Once the line with "(sgd k \<alpha>" is found in the entries below, repeat it and each following line exactly, up to and including the line with "unfolding loss_def using". Add no other lines.

**Saved entries**
== Segment start ==

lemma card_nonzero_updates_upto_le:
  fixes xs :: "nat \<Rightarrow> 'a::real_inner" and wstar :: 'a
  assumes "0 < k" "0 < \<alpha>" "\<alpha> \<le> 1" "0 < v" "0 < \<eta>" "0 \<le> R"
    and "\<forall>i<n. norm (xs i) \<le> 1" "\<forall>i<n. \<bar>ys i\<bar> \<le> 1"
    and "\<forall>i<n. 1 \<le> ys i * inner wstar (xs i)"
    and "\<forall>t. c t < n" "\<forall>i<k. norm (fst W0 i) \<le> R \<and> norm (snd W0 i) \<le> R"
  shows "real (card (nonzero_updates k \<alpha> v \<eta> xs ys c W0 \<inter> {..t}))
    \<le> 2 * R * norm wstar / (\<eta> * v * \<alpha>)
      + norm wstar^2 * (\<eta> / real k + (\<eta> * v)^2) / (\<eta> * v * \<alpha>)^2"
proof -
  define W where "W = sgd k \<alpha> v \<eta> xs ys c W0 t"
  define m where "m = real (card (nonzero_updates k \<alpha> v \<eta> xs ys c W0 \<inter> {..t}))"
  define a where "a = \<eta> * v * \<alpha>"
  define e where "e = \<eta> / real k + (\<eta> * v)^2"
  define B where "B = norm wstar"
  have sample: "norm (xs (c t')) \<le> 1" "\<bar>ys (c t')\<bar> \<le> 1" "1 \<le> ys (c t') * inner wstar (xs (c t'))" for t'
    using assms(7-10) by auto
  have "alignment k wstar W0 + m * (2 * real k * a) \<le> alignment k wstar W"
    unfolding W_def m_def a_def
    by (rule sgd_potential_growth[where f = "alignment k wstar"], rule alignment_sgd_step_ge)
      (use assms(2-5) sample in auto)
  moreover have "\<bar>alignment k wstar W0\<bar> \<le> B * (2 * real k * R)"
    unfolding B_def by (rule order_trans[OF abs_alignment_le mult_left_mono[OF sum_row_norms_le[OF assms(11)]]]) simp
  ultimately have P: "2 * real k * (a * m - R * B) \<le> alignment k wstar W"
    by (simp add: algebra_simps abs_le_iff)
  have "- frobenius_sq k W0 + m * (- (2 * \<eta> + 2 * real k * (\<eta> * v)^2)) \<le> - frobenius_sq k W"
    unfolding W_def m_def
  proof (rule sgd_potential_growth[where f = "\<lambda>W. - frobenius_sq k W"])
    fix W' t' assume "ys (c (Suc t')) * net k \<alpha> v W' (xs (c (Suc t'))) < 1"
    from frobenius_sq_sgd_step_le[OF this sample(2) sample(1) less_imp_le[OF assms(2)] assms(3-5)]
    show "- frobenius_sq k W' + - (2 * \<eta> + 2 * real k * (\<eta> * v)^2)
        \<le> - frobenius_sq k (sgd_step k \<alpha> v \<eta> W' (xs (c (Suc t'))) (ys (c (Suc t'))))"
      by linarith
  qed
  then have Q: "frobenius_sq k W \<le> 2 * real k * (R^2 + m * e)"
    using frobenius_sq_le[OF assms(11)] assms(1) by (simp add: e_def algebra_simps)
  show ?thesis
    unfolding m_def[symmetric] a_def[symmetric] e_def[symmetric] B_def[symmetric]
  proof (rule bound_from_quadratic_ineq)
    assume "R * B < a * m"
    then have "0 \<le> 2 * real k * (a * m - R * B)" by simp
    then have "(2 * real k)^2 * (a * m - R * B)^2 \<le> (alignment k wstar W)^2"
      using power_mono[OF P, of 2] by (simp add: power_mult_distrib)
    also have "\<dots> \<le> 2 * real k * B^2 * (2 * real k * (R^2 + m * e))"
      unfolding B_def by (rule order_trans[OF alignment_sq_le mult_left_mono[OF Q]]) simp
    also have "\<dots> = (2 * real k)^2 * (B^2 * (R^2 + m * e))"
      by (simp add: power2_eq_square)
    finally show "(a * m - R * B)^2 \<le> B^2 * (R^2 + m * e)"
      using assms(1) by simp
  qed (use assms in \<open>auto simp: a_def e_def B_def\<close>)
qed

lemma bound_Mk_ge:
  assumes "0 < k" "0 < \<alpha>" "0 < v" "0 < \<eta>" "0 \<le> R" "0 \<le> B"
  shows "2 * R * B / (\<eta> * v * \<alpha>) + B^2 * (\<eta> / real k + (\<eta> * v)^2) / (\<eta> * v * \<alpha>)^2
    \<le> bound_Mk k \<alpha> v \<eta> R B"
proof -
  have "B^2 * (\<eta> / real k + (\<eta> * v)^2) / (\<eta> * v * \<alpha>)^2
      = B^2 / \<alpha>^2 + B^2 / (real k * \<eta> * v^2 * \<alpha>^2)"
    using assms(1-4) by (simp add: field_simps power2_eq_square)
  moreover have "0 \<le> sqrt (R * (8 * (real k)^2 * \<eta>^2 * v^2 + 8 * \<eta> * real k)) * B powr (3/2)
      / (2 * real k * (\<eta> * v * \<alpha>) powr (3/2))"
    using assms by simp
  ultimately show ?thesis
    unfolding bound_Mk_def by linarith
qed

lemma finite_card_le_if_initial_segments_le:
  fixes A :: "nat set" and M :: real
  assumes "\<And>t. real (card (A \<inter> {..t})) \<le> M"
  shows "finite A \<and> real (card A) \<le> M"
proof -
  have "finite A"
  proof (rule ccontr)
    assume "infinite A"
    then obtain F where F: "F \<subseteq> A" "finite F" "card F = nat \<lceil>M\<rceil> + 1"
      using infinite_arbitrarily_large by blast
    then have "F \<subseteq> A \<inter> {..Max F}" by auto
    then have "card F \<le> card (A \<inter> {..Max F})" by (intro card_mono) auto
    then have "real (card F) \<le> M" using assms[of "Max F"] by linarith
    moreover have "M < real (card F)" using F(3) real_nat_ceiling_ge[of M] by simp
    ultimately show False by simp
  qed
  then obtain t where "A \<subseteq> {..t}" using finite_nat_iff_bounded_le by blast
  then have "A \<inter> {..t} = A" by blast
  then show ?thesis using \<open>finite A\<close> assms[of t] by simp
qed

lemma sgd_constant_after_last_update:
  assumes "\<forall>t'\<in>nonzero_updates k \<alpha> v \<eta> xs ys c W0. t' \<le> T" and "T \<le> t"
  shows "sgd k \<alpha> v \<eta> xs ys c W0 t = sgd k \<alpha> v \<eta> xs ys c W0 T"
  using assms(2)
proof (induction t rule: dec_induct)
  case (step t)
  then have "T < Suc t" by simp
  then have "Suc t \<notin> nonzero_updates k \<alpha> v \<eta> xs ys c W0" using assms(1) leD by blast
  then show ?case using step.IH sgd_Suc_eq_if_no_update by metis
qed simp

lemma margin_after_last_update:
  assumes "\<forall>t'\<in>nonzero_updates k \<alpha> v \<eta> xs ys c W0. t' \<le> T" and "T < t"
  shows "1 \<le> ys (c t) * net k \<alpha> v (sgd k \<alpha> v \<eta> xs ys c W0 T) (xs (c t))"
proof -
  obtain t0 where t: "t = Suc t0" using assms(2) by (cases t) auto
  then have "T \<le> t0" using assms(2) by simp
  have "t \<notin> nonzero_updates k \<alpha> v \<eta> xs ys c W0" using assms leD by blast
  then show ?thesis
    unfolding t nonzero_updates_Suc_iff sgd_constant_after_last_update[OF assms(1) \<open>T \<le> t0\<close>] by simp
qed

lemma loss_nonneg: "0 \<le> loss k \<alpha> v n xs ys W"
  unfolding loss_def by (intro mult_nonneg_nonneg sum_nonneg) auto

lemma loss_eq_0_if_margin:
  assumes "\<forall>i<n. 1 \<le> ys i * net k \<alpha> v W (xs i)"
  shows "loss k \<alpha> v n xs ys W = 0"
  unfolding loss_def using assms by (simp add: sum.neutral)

== Segment end ==
== Segment start ==

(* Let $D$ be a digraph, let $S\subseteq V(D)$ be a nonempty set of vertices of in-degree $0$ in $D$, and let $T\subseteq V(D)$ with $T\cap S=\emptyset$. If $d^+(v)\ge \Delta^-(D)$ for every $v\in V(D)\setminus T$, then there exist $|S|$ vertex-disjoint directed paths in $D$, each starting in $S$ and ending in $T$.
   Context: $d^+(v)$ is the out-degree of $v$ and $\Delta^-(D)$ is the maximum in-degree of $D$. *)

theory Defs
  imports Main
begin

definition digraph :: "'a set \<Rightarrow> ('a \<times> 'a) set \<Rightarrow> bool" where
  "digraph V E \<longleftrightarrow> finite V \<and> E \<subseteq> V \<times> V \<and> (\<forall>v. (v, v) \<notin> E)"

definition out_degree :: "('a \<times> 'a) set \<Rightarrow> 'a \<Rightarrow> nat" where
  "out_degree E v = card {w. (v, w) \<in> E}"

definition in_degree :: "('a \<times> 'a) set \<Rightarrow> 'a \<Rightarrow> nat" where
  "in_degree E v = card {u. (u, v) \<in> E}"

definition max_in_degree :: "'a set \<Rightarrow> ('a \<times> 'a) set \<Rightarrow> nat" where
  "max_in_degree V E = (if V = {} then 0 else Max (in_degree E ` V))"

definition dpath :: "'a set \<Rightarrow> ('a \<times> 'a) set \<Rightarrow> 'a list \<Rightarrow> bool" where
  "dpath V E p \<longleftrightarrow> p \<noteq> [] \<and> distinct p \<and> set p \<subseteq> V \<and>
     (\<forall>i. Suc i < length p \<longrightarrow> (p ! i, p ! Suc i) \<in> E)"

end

== Segment end ==

**Task solution**
  shows "1 \<le> ys (c t) * net k \<alpha> v (sgd k \<alpha> v \<eta> xs ys c W0 T) (xs (c t))"
proof -
  obtain t0 where t: "t = Suc t0" using assms(2) by (cases t) auto
  then have "T \<le> t0" using assms(2) by simp
  have "t \<notin> nonzero_updates k \<alpha> v \<eta> xs ys c W0" using assms leD by blast
  then show ?thesis
    unfolding t nonzero_updates_Suc_iff sgd_constant_after_last_update[OF assms(1) \<open>T \<le> t0\<close>] by simp
qed

lemma loss_nonneg: "0 \<le> loss k \<alpha> v n xs ys W"
  unfolding loss_def by (intro mult_nonneg_nonneg sum_nonneg) auto

lemma loss_eq_0_if_margin:
  assumes "\<forall>i<n. 1 \<le> ys i * net k \<alpha> v W (xs i)"
  shows "loss k \<alpha> v n xs ys W = 0"
  unfolding loss_def using assms by (simp add: sum.neutral)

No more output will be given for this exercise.